## PROBLEM
Print nothing but the lines below starting at the line that holds "x z \<Longrightarrow>" and ending at the line that holds "using continuous_attains_inf[OF compact_cball", including both, each exactly as written.

## DATASET CONTENT

(* Assume $\|\hat F'(y)-\hat F'(x)\|_F\le L_{\hat F}\|y-x\|$ for all $x,y\in\mathcal F$. Let $x\in\mathcal F$, $\tau>0$, $L\ge L_{\hat F}$, and suppose $T_{L,\tau}(x)\in\mathcal F$. Then for every $r>0$, $$\frac\tau2+\frac{\hat f_2(x)}{2\tau}-\hat f_1(T_{L,\tau}(x))\ge Lr^2\varkappa\Big(\frac{\Delta_r(x)}{2\tau Lr^2}\Big),$$ where $\Delta_r(x)=\hat f_2(x)-\min_{y}\{\|\hat F(x)+\hat F'(x)(y-x)\|^2:\|y-x\|\le r\}$ and $\varkappa(t)=\frac{t^2}2$ for $t\in[0,1]$, $\varkappa(t)=t-\frac12$ for $t>1$.
   Context: Let $F:\mathbb R^n\to\mathbb R^m$ be smooth, $\hat F=\frac1{\sqrt m}F$ with Jacobian $\hat F'(x)$; Euclidean norms, $\|\cdot\|_F$ Frobenius norm; $\mathcal F\subseteq\mathbb R^n$ closed convex with nonempty interior. $\hat f_1(x)=\|\hat F(x)\|$, $\hat f_2=\hat f_1^2$, $\psi_{x,L,\tau}(y)=\frac\tau2+\frac1{2\tau}\|\hat F(x)+\hat F'(x)(y-x)\|^2+\frac L2\|y-x\|^2$, and $T_{L,\tau}(x)=\arg\min_{y\in\mathbb R^n}\psi_{x,L,\tau}(y)$. *)

theory Defs
  imports "HOL-Analysis.Analysis"
begin

definition frob_norm :: "real^'n^'m \<Rightarrow> real" where
  "frob_norm A = sqrt (\<Sum>i\<in>UNIV. \<Sum>j\<in>UNIV. (A $ i $ j)\<^sup>2)"

definition Fhat :: "(real^'n \<Rightarrow> real^'m) \<Rightarrow> real^'n \<Rightarrow> real^'m" where
  "Fhat F x = (1 / sqrt (real CARD('m))) *\<^sub>R F x"

definition Jhat :: "(real^'n \<Rightarrow> real^'n^'m) \<Rightarrow> real^'n \<Rightarrow> real^'n^'m" where
  "Jhat J x = (1 / sqrt (real CARD('m))) *\<^sub>R J x"

definition f1hat :: "(real^'n \<Rightarrow> real^'m) \<Rightarrow> real^'n \<Rightarrow> real" where
  "f1hat F x = norm (Fhat F x)"

definition f2hat :: "(real^'n \<Rightarrow> real^'m) \<Rightarrow> real^'n \<Rightarrow> real" where
  "f2hat F x = (f1hat F x)\<^sup>2"

definition psi :: "(real^'n \<Rightarrow> real^'m) \<Rightarrow> (real^'n \<Rightarrow> real^'n^'m) \<Rightarrow>
    real^'n \<Rightarrow> real \<Rightarrow> real \<Rightarrow> real^'n \<Rightarrow> real" where
  "psi F J x L \<tau> y = \<tau> / 2 + (1 / (2 * \<tau>)) * (norm (Fhat F x + Jhat J x *v (y - x)))\<^sup>2
      + L / 2 * (norm (y - x))\<^sup>2"

definition Tmap :: "(real^'n \<Rightarrow> real^'m) \<Rightarrow> (real^'n \<Rightarrow> real^'n^'m) \<Rightarrow>
    real \<Rightarrow> real \<Rightarrow> real^'n \<Rightarrow> real^'n" where
  "Tmap F J L \<tau> x = (THE y. \<forall>z. psi F J x L \<tau> y \<le> psi F J x L \<tau> z)"

definition Delta :: "(real^'n \<Rightarrow> real^'m) \<Rightarrow> (real^'n \<Rightarrow> real^'n^'m) \<Rightarrow>
    real \<Rightarrow> real^'n \<Rightarrow> real" where
  "Delta F J r x = f2hat F x
     - Inf ((\<lambda>y. (norm (Fhat F x + Jhat J x *v (y - x)))\<^sup>2) ` cball x r)"

definition kappa :: "real \<Rightarrow> real" where
  "kappa t = (if t \<le> 1 then t\<^sup>2 / 2 else t - 1 / 2)"

end

theory Submission
  imports Defs
begin

(* The model psi majorises f1hat: as the Jacobian of Fhat is LF-Lipschitz on the convex set,
   the linearisation error of Fhat is at most LF/2 |y - x|^2, and a \<le> \<tau>/2 + a^2/(2\<tau>).
   Hence f1hat (T x) \<le> psi (T x) \<le> psi y for every y, i.e.
     \<tau>/2 + f2hat x/(2\<tau>) - f1hat (T x) \<ge> (f2hat x - |Fhat x + Jhat x (y - x)|^2)/(2\<tau>) - L/2 |y - x|^2.
   Take y = x + t (y' - x) with y' a minimiser of the linearised residual over the r-ball.
   Convexity of the squared residual bounds the right-hand side below by
   t \<Delta>_r(x)/(2\<tau>) - L r^2 t^2/2, and maximising over t \<in> [0,1] produces kappa. *)

lemma frob_norm_eq_norm: "frob_norm A = norm A"
  by (simp add: frob_norm_def norm_vec_def L2_set_def sum_nonneg)

lemma power2_norm_vec: "(norm (v :: 'a::real_normed_vector^'k))\<^sup>2 = (\<Sum>i\<in>UNIV. (norm (v $ i))\<^sup>2)"
  by (simp add: norm_vec_def L2_set_def sum_nonneg)

lemma norm_matrix_vector_mult_le: "norm ((A::real^'n^'m) *v v) \<le> norm A * norm v"
proof -
  have "(norm (A *v v))\<^sup>2 = (\<Sum>i\<in>UNIV. (inner (A $ i) v)\<^sup>2)"
    by (simp add: power2_norm_vec matrix_vector_mult_def inner_vec_def)
  also have "\<dots> \<le> (\<Sum>i\<in>UNIV. (norm (A $ i) * norm v)\<^sup>2)"
    by (intro sum_mono) (simp add: abs_le_square_iff[symmetric] abs_mult Cauchy_Schwarz_ineq2)
  also have "\<dots> = (norm A * norm v)\<^sup>2"
    by (simp add: power2_norm_vec[of A] power_mult_distrib sum_distrib_right)
  finally show ?thesis
    by (rule power2_le_imp_le) simp
qed

lemma scaleR_matrix_vector_mult: "((c::real) *\<^sub>R (A::real^'n^'m)) *v v = c *\<^sub>R (A *v v)"
  by (simp add: vec_eq_iff matrix_vector_mult_def sum_distrib_left mult.assoc)

lemma power2_norm_convex_combination:
  fixes u v :: "'a::real_inner"
  shows "(norm ((1 - t) *\<^sub>R u + t *\<^sub>R v))\<^sup>2
    = (1 - t) * (norm u)\<^sup>2 + t * (norm v)\<^sup>2 - t * (1 - t) * (norm (u - v))\<^sup>2"
  unfolding power2_norm_eq_inner
  by (simp add: inner_add_left inner_add_right inner_diff_left inner_diff_right inner_commute
      algebra_simps)

lemma convex_combination_add_left:
  fixes a b c :: "'a::real_vector"
  shows "(1 - t) *\<^sub>R (a + b) + t *\<^sub>R (a + c) = a + ((1 - t) *\<^sub>R b + t *\<^sub>R c)"
  by (simp add: algebra_simps)

lemma norm_taylor_remainder_le:
  fixes f :: "'a::real_normed_vector \<Rightarrow> 'b::real_normed_vector"
  assumes "convex S" and "x \<in> S" and "y \<in> S"
    and deriv: "\<And>z. z \<in> S \<Longrightarrow> (f has_derivative f' z) (at z)"
    and lip: "\<And>u v h. u \<in> S \<Longrightarrow> v \<in> S \<Longrightarrow> norm (f' v h - f' u h) \<le> K * norm (v - u) * norm h"
  shows "norm (f y - f x - f' x (y - x)) \<le> K / 2 * (norm (y - x))\<^sup>2"
proof -
  define h where "h = y - x"
  define g where "g t = f (x + t *\<^sub>R h) - t *\<^sub>R f' x h" for t :: real
  define g' where "g' t = f' (x + t *\<^sub>R h) h - f' x h" for t :: real
  have segment: "x + t *\<^sub>R h \<in> S" if "t \<in> {0..1}" for t
    using convexD_alt[OF \<open>convex S\<close> \<open>x \<in> S\<close> \<open>y \<in> S\<close>, of t] that
    by (simp add: h_def algebra_simps)
  have g_deriv: "(g has_vector_derivative g' t) (at t)" if "t \<in> {0..1}" for t
  proof -
    have "((\<lambda>t. x + t *\<^sub>R h) has_derivative (\<lambda>s. s *\<^sub>R h)) (at t)"
      by (auto intro!: derivative_eq_intros)
    from has_derivative_compose[OF this deriv[OF segment[OF that]]]
    have "((\<lambda>t. f (x + t *\<^sub>R h)) has_vector_derivative f' (x + t *\<^sub>R h) h) (at t)"
      using deriv[OF segment[OF that]]
      by (simp add: has_vector_derivative_def has_derivative_bounded_linear linear_simps)
    then show ?thesis
      unfolding g_def g'_def by (auto intro!: derivative_eq_intros)
  qed
  have "norm (g 1 - g 0) \<le> K / 2 * 1\<^sup>2 * (norm h)\<^sup>2 - K / 2 * 0\<^sup>2 * (norm h)\<^sup>2"
  proof (rule differentiable_bound_general[where \<phi> = "\<lambda>t. K / 2 * t\<^sup>2 * (norm h)\<^sup>2"
        and \<phi>' = "\<lambda>t. K * t * (norm h)\<^sup>2"])
    show "continuous_on {0..1} g"
      using g_deriv has_vector_derivative_continuous
      by (blast intro: continuous_at_imp_continuous_on)
    fix t :: real assume t: "0 < t" "t < 1"
    then show "(g has_vector_derivative g' t) (at t)"
      by (intro g_deriv) auto
    show "norm (g' t) \<le> K * t * (norm h)\<^sup>2"
      using lip[OF \<open>x \<in> S\<close> segment, of t h] t by (simp add: g'_def power2_eq_square)
  qed (auto simp flip: has_real_derivative_iff_has_vector_derivative
      intro!: derivative_eq_intros continuous_intros)
  then show ?thesis
    by (simp add: g_def h_def algebra_simps)
qed

lemma continuous_attains_inf_coercive:
  fixes f :: "'a::heine_borel \<Rightarrow> real"
  assumes "continuous_on UNIV f" and far: "\<And>z. R < dist x z \<Longrightarrow> f x \<le> f z"
  shows "\<exists>y. \<forall>z. f y \<le> f z"
proof (cases "R < 0")
  case True
  then have "R < dist x z" for z
    using zero_le_dist[of x z] by linarith
  then show ?thesis
    using far by blast
next
  case False
  then have "cball x R \<noteq> {}"
    by simp
  then obtain y where y: "\<forall>z\<in>cball x R. f y \<le> f z"
    using continuous_attains_inf[OF compact_cball _ continuous_on_subset[OF assms(1) subset_UNIV]]
    by blast
  have "f y \<le> f z" for z
  proof (cases "z \<in> cball x R")
    case False
    then have "f x \<le> f z"
      using far by simp
    moreover have "f y \<le> f x"
      using y \<open>\<not> R < 0\<close> by simp
    ultimately show ?thesis
      by simp
  qed (use y in blast)
  then show ?thesis
    by blast
qed

lemma has_derivative_Fhat:
  assumes "(F has_derivative (\<lambda>h. J z *v h)) (at z)"
  shows "(Fhat F has_derivative (\<lambda>h. Jhat J z *v h)) (at z)"
  using has_derivative_scaleR_right[OF assms, of "1 / sqrt (real CARD('m))"]
  by (simp add: Fhat_def[abs_def] Jhat_def scaleR_matrix_vector_mult)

## RESPONSE BOX
  assumes "continuous_on UNIV f" and far: "\<And>z. R < dist x z \<Longrightarrow> f x \<le> f z"
  shows "\<exists>y. \<forall>z. f y \<le> f z"
proof (cases "R < 0")
  case True
  then have "R < dist x z" for z
    using zero_le_dist[of x z] by linarith
  then show ?thesis
    using far by blast
next
  case False
  then have "cball x R \<noteq> {}"
    by simp
  then obtain y where y: "\<forall>z\<in>cball x R. f y \<le> f z"
    using continuous_attains_inf[OF compact_cball _ continuous_on_subset[OF assms(1) subset_UNIV]]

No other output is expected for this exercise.